** Records to use follows **
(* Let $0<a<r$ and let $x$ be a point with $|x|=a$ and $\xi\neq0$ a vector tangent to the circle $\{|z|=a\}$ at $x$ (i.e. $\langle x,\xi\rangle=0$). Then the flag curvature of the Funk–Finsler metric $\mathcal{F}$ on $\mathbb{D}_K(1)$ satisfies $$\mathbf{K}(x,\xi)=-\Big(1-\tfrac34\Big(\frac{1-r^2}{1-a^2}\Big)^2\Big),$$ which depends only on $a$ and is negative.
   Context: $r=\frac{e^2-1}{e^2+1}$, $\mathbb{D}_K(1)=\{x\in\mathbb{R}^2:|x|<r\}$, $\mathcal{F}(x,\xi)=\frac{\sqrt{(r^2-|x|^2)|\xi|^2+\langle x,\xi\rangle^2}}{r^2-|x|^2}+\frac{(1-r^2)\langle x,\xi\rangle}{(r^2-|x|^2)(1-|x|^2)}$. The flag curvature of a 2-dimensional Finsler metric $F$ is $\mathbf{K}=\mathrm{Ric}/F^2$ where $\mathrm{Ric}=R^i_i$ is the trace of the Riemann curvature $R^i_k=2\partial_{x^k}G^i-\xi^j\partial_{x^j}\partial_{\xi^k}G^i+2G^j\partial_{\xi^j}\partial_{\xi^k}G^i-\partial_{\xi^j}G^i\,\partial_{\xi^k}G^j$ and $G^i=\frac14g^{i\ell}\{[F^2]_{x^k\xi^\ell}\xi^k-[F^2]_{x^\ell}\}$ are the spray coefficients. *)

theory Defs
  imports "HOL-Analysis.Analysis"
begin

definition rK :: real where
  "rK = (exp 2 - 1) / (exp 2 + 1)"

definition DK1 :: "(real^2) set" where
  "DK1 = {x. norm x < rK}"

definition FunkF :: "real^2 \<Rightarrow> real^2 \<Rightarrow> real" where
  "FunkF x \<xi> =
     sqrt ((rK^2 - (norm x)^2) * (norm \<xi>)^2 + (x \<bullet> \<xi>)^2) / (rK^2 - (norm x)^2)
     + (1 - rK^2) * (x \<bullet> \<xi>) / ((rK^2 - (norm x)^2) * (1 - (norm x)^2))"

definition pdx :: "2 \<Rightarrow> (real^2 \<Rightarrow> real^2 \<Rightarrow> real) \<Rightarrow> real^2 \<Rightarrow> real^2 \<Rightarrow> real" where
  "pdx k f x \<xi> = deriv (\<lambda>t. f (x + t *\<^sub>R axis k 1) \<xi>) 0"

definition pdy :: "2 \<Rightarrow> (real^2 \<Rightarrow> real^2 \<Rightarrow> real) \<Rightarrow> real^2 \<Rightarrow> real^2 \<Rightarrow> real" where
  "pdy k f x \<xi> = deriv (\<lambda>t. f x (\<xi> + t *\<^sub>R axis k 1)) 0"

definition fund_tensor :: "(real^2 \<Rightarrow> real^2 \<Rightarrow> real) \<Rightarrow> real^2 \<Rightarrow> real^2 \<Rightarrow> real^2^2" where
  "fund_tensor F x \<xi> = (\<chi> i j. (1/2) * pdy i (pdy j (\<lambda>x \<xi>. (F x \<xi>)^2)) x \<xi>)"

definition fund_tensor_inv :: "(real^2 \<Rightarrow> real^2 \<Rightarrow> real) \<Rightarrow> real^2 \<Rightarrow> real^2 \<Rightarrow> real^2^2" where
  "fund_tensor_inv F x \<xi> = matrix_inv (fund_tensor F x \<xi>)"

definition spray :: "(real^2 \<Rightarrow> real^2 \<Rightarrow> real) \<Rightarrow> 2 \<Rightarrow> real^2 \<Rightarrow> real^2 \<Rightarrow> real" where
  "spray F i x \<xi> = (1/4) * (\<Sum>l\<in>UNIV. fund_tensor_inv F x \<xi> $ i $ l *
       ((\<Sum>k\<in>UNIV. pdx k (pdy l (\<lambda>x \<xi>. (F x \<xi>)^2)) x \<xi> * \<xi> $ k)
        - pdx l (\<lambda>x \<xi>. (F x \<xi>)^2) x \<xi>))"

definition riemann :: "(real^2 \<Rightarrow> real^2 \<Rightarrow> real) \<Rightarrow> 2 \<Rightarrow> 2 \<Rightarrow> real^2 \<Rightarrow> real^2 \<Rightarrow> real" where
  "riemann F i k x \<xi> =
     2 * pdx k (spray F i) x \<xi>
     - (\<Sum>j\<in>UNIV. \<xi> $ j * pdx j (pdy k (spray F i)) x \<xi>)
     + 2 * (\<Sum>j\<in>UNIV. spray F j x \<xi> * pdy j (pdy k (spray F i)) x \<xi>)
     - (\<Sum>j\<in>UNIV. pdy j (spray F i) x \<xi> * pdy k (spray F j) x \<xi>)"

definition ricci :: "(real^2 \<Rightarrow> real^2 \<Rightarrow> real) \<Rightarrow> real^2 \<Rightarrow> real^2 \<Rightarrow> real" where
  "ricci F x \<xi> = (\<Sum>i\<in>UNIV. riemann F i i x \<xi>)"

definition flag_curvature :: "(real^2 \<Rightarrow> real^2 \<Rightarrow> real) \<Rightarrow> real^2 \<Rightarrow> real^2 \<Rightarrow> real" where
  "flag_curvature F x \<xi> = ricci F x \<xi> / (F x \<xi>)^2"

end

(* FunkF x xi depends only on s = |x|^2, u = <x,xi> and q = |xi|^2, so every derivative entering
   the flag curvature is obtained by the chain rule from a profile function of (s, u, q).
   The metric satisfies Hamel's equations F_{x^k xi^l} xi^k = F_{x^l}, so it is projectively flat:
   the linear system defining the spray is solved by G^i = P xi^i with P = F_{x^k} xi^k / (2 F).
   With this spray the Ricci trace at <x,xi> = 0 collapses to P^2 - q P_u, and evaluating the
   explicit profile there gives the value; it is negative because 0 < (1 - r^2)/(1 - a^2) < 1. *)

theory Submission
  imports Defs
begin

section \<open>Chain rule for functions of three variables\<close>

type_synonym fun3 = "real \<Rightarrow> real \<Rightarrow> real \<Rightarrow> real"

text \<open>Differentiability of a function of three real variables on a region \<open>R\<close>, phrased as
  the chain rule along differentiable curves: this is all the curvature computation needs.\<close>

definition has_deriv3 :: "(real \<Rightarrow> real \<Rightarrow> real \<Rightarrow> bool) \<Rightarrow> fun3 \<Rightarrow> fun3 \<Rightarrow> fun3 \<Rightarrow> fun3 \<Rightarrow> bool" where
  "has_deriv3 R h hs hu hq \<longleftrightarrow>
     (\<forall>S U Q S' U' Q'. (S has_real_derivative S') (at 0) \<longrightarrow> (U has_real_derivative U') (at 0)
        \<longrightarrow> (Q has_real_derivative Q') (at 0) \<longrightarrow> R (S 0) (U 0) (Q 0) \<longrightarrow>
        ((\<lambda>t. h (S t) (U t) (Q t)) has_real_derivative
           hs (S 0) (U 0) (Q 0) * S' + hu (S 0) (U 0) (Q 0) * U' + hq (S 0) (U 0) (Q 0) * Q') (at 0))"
** End of Records to use **
** Records to use follows **
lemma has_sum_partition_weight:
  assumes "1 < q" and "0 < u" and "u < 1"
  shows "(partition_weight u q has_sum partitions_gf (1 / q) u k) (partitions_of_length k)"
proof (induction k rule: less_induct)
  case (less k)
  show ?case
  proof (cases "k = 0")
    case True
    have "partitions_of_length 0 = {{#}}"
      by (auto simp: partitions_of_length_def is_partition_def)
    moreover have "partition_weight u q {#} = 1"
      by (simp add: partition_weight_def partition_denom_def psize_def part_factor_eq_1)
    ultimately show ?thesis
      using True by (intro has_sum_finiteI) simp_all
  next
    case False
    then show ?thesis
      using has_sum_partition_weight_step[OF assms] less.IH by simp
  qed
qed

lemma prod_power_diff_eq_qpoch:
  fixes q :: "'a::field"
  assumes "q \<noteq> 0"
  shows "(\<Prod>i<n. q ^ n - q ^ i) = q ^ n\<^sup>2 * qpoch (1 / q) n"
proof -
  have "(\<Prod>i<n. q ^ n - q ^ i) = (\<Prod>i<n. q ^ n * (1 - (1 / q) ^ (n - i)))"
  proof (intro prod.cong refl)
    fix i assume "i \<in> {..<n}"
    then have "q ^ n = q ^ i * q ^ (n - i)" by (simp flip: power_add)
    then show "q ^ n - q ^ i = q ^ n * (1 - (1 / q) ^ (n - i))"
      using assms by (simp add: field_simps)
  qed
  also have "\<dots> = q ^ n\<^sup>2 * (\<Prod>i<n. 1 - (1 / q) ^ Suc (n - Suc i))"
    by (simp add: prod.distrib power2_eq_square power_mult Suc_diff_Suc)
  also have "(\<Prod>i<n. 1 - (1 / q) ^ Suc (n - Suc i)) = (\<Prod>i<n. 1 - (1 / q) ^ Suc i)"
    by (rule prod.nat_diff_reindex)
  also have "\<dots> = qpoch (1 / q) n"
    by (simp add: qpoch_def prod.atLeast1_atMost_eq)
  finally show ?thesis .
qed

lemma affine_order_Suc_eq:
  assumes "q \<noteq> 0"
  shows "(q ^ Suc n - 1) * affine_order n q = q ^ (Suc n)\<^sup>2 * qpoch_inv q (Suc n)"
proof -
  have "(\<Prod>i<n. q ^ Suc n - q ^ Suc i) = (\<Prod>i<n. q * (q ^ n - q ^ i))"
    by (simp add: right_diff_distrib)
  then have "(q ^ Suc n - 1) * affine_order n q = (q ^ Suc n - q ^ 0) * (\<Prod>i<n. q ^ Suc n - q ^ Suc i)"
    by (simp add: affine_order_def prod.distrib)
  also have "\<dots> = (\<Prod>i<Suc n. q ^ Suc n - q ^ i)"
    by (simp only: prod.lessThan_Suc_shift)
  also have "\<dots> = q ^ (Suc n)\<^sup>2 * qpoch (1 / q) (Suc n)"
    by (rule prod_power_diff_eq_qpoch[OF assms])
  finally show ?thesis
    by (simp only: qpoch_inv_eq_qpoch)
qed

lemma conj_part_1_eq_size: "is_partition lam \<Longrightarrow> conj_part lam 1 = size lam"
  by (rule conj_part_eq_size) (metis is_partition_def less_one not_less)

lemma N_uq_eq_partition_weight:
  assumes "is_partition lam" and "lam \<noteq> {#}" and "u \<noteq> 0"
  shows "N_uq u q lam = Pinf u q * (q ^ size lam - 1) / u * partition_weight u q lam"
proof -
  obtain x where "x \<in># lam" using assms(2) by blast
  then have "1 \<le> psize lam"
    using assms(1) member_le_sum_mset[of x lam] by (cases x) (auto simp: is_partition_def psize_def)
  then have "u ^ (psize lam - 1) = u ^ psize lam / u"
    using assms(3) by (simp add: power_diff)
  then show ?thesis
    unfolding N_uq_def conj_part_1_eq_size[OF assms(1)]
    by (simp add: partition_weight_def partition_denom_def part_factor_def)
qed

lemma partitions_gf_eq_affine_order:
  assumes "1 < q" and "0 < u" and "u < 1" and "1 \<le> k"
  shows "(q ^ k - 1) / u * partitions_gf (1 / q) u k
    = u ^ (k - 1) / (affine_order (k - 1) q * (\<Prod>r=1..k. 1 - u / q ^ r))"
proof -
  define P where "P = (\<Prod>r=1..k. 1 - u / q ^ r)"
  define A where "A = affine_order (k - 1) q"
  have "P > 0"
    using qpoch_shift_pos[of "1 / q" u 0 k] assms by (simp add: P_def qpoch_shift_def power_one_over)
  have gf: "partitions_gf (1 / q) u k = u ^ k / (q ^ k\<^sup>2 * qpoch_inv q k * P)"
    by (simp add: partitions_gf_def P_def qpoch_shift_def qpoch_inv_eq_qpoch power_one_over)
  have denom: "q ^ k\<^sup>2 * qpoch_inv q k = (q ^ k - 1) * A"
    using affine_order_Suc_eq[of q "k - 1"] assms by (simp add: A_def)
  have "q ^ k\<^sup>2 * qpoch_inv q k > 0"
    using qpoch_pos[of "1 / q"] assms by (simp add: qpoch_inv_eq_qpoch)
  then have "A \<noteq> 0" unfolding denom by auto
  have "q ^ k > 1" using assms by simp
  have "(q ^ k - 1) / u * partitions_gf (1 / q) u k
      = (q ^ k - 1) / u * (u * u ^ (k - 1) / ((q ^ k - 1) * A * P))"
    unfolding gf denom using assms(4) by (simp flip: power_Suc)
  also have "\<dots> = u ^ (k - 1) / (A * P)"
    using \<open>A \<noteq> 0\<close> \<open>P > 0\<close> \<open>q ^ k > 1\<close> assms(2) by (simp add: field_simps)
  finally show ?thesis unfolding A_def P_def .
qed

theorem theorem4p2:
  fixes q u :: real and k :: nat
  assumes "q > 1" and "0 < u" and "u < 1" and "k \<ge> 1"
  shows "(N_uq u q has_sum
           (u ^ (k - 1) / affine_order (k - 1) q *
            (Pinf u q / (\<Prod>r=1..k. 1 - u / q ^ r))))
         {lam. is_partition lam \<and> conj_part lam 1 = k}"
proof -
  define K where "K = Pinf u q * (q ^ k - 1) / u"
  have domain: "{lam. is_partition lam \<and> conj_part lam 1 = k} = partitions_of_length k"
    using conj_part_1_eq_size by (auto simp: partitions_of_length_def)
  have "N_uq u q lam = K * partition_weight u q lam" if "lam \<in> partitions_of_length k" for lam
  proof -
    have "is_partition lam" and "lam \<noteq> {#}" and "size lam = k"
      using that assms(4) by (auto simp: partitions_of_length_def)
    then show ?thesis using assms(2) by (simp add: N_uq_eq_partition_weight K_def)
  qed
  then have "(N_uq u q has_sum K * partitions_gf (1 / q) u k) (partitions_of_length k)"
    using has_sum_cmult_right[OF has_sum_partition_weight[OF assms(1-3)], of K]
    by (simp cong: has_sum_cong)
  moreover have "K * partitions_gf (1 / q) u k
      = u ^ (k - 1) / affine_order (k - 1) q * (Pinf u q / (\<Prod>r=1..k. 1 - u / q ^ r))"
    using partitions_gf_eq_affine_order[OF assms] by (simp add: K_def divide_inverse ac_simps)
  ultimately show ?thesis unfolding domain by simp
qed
** End of Records to use **
# Problem description:
Above are the records; from them, give again exactly the lines from the one containing "assms by simp" through the one containing "(u ^ (k - 1) / affine_order", both included.

# Response below:
  have "q ^ k > 1" using assms by simp
  have "(q ^ k - 1) / u * partitions_gf (1 / q) u k
      = (q ^ k - 1) / u * (u * u ^ (k - 1) / ((q ^ k - 1) * A * P))"
    unfolding gf denom using assms(4) by (simp flip: power_Suc)
  also have "\<dots> = u ^ (k - 1) / (A * P)"
    using \<open>A \<noteq> 0\<close> \<open>P > 0\<close> \<open>q ^ k > 1\<close> assms(2) by (simp add: field_simps)
  finally show ?thesis unfolding A_def P_def .
qed

theorem theorem4p2:
  fixes q u :: real and k :: nat
  assumes "q > 1" and "0 < u" and "u < 1" and "k \<ge> 1"
  shows "(N_uq u q has_sum
           (u ^ (k - 1) / affine_order (k - 1) q *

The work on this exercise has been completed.